Use timestamp(or datetime) as part of primary key

2019-02-14 11:06发布

问题:

I use following query frequently:

SELECT * FROM table WHERE Timestamp > [SomeTime] AND Timestamp < [SomeOtherTime] and publish = 1 and type = 2 order by Timestamp

I would like to optimize this query, and I am thinking about put timestamp as part of primary key for clustered index, I think if timestamp is part of primary key , data inserted in table has write to disk sequentially by timestamp field.Also I think this improve my query a lot, but am not sure if this would help.

table has 3-4 million+ rows.
timestamp field never changed.
I use mysql 5.6.11

Anothet point is : if this is improve my query , it is better to use timestamp(4 byte in mysql 5.6) or datetime(5 byte in mysql 5.6)?

回答1:

Four million rows isn't huge.

A one-byte difference between the data types datetime and timestamp is the last thing you should consider in choosing between those two data types. Review their specs.
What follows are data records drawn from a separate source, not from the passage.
(* Let $L$ be a positive integer and let $a,b,s$ be integers with $a\mid L$, $b\mid L$, $0\le s<b$, $s\in\frac{ab}{\gcd(ab,L)}\mathbb{Z}$; let $\Lambda=\begin{pmatrix} a&0\\ s&b\end{pmatrix}\mathbb{Z}_L^2$, $\lambda_2=b/\gcd(b,s)$, $\tilde a=\lambda_2a$, and let $\tilde\Lambda$ be the subgroup of $\mathbb{Z}_L^2$ generated by $(\tilde a,0)^T$ and $(0,b)^T$. Let $g\in\mathbb{C}^L$ and for $0\le m<\lambda_2$ put $g_m=\mathbf M_{ms\bmod b}\mathbf T_{ma}g$. Then for all $f\in\mathbb{C}^L$ $$\mathbf S_{g,\Lambda}f=\sum_{m=0}^{\lambda_2-1}\mathbf S_{g_m,\tilde\Lambda}f .$$ Moreover, for all $f\in\mathbb{C}^L$, $n\in\{0,\dots,L/a-1\}$ and $k\in\{0,\dots,L/b-1\}$, writing $\tilde n=\lfloor n/\lambda_2\rfloor$ and $m=n-\lambda_2\tilde n$, $$\langle f,\mathbf M_{kb+(ms\bmod b)}\mathbf T_{na}g\rangle=e^{-2\pi i\tilde n\tilde a(ms\bmod b)/L}\,\langle f,\mathbf M_{kb}\mathbf T_{\tilde n\tilde a}g_m\rangle .$$
   Context: Signals are vectors in $\mathbb{C}^L$ indexed by $\mathbb{Z}_L$, with $\langle f,h\rangle=\sum_{l=0}^{L-1}f(l)\overline{h(l)}$. $\mathbf T_xf(l)=f(l-x)$ (indices mod $L$), $\mathbf M_\omega f(l)=e^{2\pi il\omega/L}f(l)$, and $\pi(x,\omega)=\mathbf M_\omega\mathbf T_x$. For $h\in\mathbb{C}^L$ and a subgroup $\Gamma\le\mathbb{Z}_L^2$, the frame operator is $\mathbf S_{h,\Gamma}f=\sum_{(x,\omega)^T\in\Gamma}\langle f,\pi(x,\omega)h\rangle\,\pi(x,\omega)h$. $A\mathbb{Z}_L^2=\{Az\bmod L:z\in\mathbb{Z}_L^2\}$. *)

theory Defs
  imports Complex_Main
begin

text \<open>Signals in C^L are modelled as functions int => complex; only values at
indices 0..L-1 enter the inner product, and translations read indices mod L.\<close>

type_synonym signal = "int \<Rightarrow> complex"

definition inner_L :: "int \<Rightarrow> signal \<Rightarrow> signal \<Rightarrow> complex" where
  "inner_L L f h = (\<Sum>l\<in>{0..<L}. f l * cnj (h l))"

definition transl :: "int \<Rightarrow> int \<Rightarrow> signal \<Rightarrow> signal" where
  "transl L x f = (\<lambda>l. f ((l - x) mod L))"

definition modul :: "int \<Rightarrow> int \<Rightarrow> signal \<Rightarrow> signal" where
  "modul L \<omega> f = (\<lambda>l. exp (2 * pi * \<i> * of_int l * of_int \<omega> / of_int L) * f l)"

definition tf_shift :: "int \<Rightarrow> int \<Rightarrow> int \<Rightarrow> signal \<Rightarrow> signal" where
  "tf_shift L x \<omega> f = modul L \<omega> (transl L x f)"

definition frame_op :: "int \<Rightarrow> signal \<Rightarrow> (int \<times> int) set \<Rightarrow> signal \<Rightarrow> signal" where
  "frame_op L h \<Gamma> f = (\<lambda>l. \<Sum>(x,\<omega>)\<in>\<Gamma>.
      inner_L L f (tf_shift L x \<omega> h) * tf_shift L x \<omega> h l)"

definition mat_lattice :: "int \<Rightarrow> int \<Rightarrow> int \<Rightarrow> int \<Rightarrow> int \<Rightarrow> (int \<times> int) set" where
  "mat_lattice L a11 a12 a21 a22 =
     {((a11 * z1 + a12 * z2) mod L, (a21 * z1 + a22 * z2) mod L) | z1 z2. z1 \<in> {0..<L} \<and> z2 \<in> {0..<L}}"

definition gen_subgroup2 :: "int \<Rightarrow> int \<times> int \<Rightarrow> int \<times> int \<Rightarrow> (int \<times> int) set" where
  "gen_subgroup2 L v w =
     {((i * fst v + j * fst w) mod L, (i * snd v + j * snd w) mod L) | i j :: int. True}"

end

theory Submission
  imports Defs
begin

text \<open>
  Time-frequency shifts compose up to a unimodular phase,
  pi(x,w) pi(x0,w0) = e^(-2 pi i x w0 / L) pi(x + x0, w + w0).
  This is the coefficient identity, and the phase cancels in every rank-one term
  <f, pi h> pi h of a frame operator, so shifting the window by (x0,w0) merely translates
  the index set. Above the time n a the lattice Lambda contains exactly the frequencies
  congruent to n s modulo b. Writing n = lambda2 t + m with 0 <= m < lambda2, this class
  depends only on m because b divides lambda2 s. Hence Lambda is the disjoint union of the
  translates of the rectangular lattice (lambda2 a) Z x b Z by (m a, m s mod b), and the
  frame operator splits accordingly.
\<close>

text \<open>For L = 0 the character is constantly 1 (division by zero), so the lemmas about
  time-frequency shifts below need no hypothesis L \<noteq> 0.\<close>

definition char_ZL :: "int \<Rightarrow> int \<Rightarrow> complex" where
  "char_ZL L j = cis (2 * pi * j / L)"

lemma char_ZL_conv_exp: "char_ZL L j = exp (2 * pi * \<i> * j / L)"
  unfolding char_ZL_def cis_conv_exp by (simp add: mult_ac)

lemma char_ZL_add: "char_ZL L (j + k) = char_ZL L j * char_ZL L k"
  unfolding char_ZL_def cis_mult by (simp add: add_divide_distrib distrib_left)

lemma cnj_char_ZL: "cnj (char_ZL L j) = char_ZL L (- j)"
  unfolding char_ZL_def cis_cnj by simp

lemma char_ZL_mod: "char_ZL L (j mod L) = char_ZL L j"
proof -
  have "char_ZL L (L * (j div L)) = 1"
    using cis_multiple_2pi[OF Ints_of_int, of "j div L"]
    by (cases "L = 0") (simp_all add: char_ZL_def mult.assoc)
  then show ?thesis
    by (metis char_ZL_add mult_div_mod_eq mult_1)
qed

lemma char_ZL_uminus_mult: "char_ZL L (- j) * char_ZL L j = 1"
  using char_ZL_add[of L "- j" j] by (simp add: char_ZL_def)

lemma inner_L_scale_right: "inner_L L f (\<lambda>l. c * h l) = cnj c * inner_L L f h"
  unfolding inner_L_def by (simp add: sum_distrib_left algebra_simps)

lemma tf_shift_apply: "tf_shift L x \<omega> g l = char_ZL L (l * \<omega>) * g ((l - x) mod L)"
  unfolding tf_shift_def modul_def transl_def char_ZL_conv_exp by (simp add: mult.assoc)

lemma tf_shift_mod_freq:
  "tf_shift L x (\<omega> mod L) g = tf_shift L x \<omega> g"
proof
  fix l
  have "char_ZL L (l * (\<omega> mod L)) = char_ZL L (l * \<omega>)"
    using char_ZL_mod by (metis mod_mult_right_eq)
  then show "tf_shift L x (\<omega> mod L) g l = tf_shift L x \<omega> g l"
    by (simp add: tf_shift_apply)
qed

lemma tf_shift_tf_shift:
  "tf_shift L x \<omega> (tf_shift L x0 \<omega>0 g)
       = (\<lambda>l. char_ZL L (- (x * \<omega>0)) * tf_shift L (x + x0) (\<omega> + \<omega>0) g l)"
proof
  fix l
  have "char_ZL L (((l - x) mod L) * \<omega>0) = char_ZL L ((l - x) * \<omega>0)"
    using char_ZL_mod by (metis mod_mult_left_eq)
  moreover have "((l - x) mod L - x0) mod L = (l - (x + x0)) mod L"
    by (simp add: mod_diff_left_eq algebra_simps)
  moreover have "char_ZL L (l * \<omega>) * char_ZL L ((l - x) * \<omega>0)
      = char_ZL L (- (x * \<omega>0)) * char_ZL L (l * (\<omega> + \<omega>0))"
    by (simp add: char_ZL_add[symmetric] algebra_simps)
  ultimately show "tf_shift L x \<omega> (tf_shift L x0 \<omega>0 g) l
      = char_ZL L (- (x * \<omega>0)) * tf_shift L (x + x0) (\<omega> + \<omega>0) g l"
    by (simp add: tf_shift_apply mult.assoc[symmetric])
qed

lemma inner_L_tf_shift_tf_shift:
  "inner_L L f (tf_shift L x \<omega> (tf_shift L x0 \<omega>0 g))
       = char_ZL L (x * \<omega>0) * inner_L L f (tf_shift L (x + x0) (\<omega> + \<omega>0) g)"
  by (simp add: tf_shift_tf_shift inner_L_scale_right cnj_char_ZL)

lemma inner_L_modul_transl_split:
  "inner_L L f (modul L (\<omega> + r) (transl L (x + x0) g))
     = exp (- 2 * pi * \<i> * of_int x * of_int r / of_int L)
       * inner_L L f (modul L \<omega> (transl L x (modul L r (transl L x0 g))))"
proof -
  have "exp (- 2 * pi * \<i> * of_int x * of_int r / of_int L) = char_ZL L (- (x * r))"
    by (simp add: char_ZL_conv_exp mult.assoc)
  then show ?thesis
    using char_ZL_uminus_mult[of L "x * r"]
    by (simp add: inner_L_tf_shift_tf_shift mult.assoc[symmetric] flip: tf_shift_def)
qed

definition frame_term :: "int \<Rightarrow> signal \<Rightarrow> signal \<Rightarrow> int \<Rightarrow> int \<Rightarrow> int \<Rightarrow> complex" where
  "frame_term L f h l x \<omega> = inner_L L f (tf_shift L x \<omega> h) * tf_shift L x \<omega> h l"

lemma frame_op_eq_sum: "frame_op L h \<Gamma> f l = (\<Sum>(x, \<omega>)\<in>\<Gamma>. frame_term L f h l x \<omega>)"
  unfolding frame_op_def frame_term_def ..

lemma frame_term_mod_freq:
  "frame_term L f h l x (\<omega> mod L) = frame_term L f h l x \<omega>"
  unfolding frame_term_def by (simp add: tf_shift_mod_freq)

lemma frame_term_tf_shift_window:
  "frame_term L f (tf_shift L x0 \<omega>0 h) l x \<omega> = frame_term L f h l (x + x0) (\<omega> + \<omega>0)"
proof -
  let ?c = "char_ZL L (x * \<omega>0)" and ?I = "inner_L L f (tf_shift L (x + x0) (\<omega> + \<omega>0) h)"
    and ?v = "tf_shift L (x + x0) (\<omega> + \<omega>0) h l"
  have "frame_term L f (tf_shift L x0 \<omega>0 h) l x \<omega> = (char_ZL L (- (x * \<omega>0)) * ?c) * (?I * ?v)"
    unfolding frame_term_def inner_L_tf_shift_tf_shift
    unfolding tf_shift_tf_shift by (simp add: mult_ac)
  also have "\<dots> = frame_term L f h l (x + x0) (\<omega> + \<omega>0)"
    unfolding char_ZL_uminus_mult frame_term_def by simp
  finally show ?thesis .
qed

definition residue_class :: "int \<Rightarrow> int \<Rightarrow> int \<Rightarrow> int set" where
  "residue_class L b c = {w \<in> {0..<L}. w mod b = c mod b}"

lemma residue_class_mod: "residue_class L b (c mod b) = residue_class L b c"
  unfolding residue_class_def by simp

lemma finite_residue_class [simp]: "finite (residue_class L b c)"
  unfolding residue_class_def by (rule finite_subset[where B = "{0..<L}"]) auto

lemma sum_residue_class_shift:
  fixes P :: "int \<Rightarrow> 'a::comm_monoid_add"
  assumes L: "0 < L" and "b dvd L" and P: "\<And>w. P (w mod L) = P w"
  shows "(\<Sum>w\<in>residue_class L b 0. P (w + r)) = (\<Sum>w\<in>residue_class L b r. P w)"
proof (rule sum.reindex_bij_witness[where j = "\<lambda>w. (w + r) mod L" and i = "\<lambda>w. (w - r) mod L"])
  have mod_b: "x mod L mod b = x mod b" for x
    using \<open>b dvd L\<close> by (simp add: mod_mod_cancel)
  fix w
  show "(w + r) mod L \<in> residue_class L b r" if "w \<in> residue_class L b 0"
  proof -
    have "w mod b = 0"
      using that unfolding residue_class_def by simp
    then have "(w + r) mod b = r mod b"
      by (metis add_0 mod_add_left_eq)
    then show ?thesis
      using L unfolding residue_class_def by (simp add: mod_b)
  qed
  show "(w - r) mod L \<in> residue_class L b 0" if "w \<in> residue_class L b r"
  proof -
    have "(w - r) mod b = 0"
      using that mod_diff_cong[of w b r r r] unfolding residue_class_def by simp
    then show ?thesis
      using L unfolding residue_class_def by (simp add: mod_b)
  qed
  show "w \<in> residue_class L b 0 \<Longrightarrow> ((w + r) mod L - r) mod L = w"
    unfolding residue_class_def by (simp add: mod_diff_left_eq)
  show "w \<in> residue_class L b r \<Longrightarrow> ((w - r) mod L + r) mod L = w"
    unfolding residue_class_def by (simp add: mod_add_left_eq)
  show "P ((w + r) mod L) = P (w + r)" by (rule P)
qed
Making a timestamp part of your primary key is a bad, bad idea. Think about reviewing what primary key means in a SQL database.

Put an index on your timestamp column. Get an execution plan, and paste that into your question. Determine your median query performance, and paste that into your question, too.

Returning a single day's rows from an indexed, 4 million row table on my desktop computer takes 2ms. (It returns around 8000 rows.)



回答2:

1) If values of timestamp are unique you can make it primary key. If not, anyway create index on timestamp column as you frequently use it in "where".

2) using BETWEEN clause looks more natural here. I suggest you use TREE index (default index type) not HASH.

3) when timestamp column is indexed, you don't need call order by - it already sorted. (of course, if your index is TREE not HASH).

4) integer unix_timestamp is better than datetime both from memory usage side and performance side - comparing dates is more complex operation than comparing integer numbers.

Searching data on indexed field takes O(log(rows)) tree lookups. Comparison of integers is O(1) and comparison of dates is O(date_string_length). So, difference is (number of tree lookups) * (difference_comparison) = O(date_string_length)/O(1))* O(log(rows)) = O(date_string_length)* O(log(rows))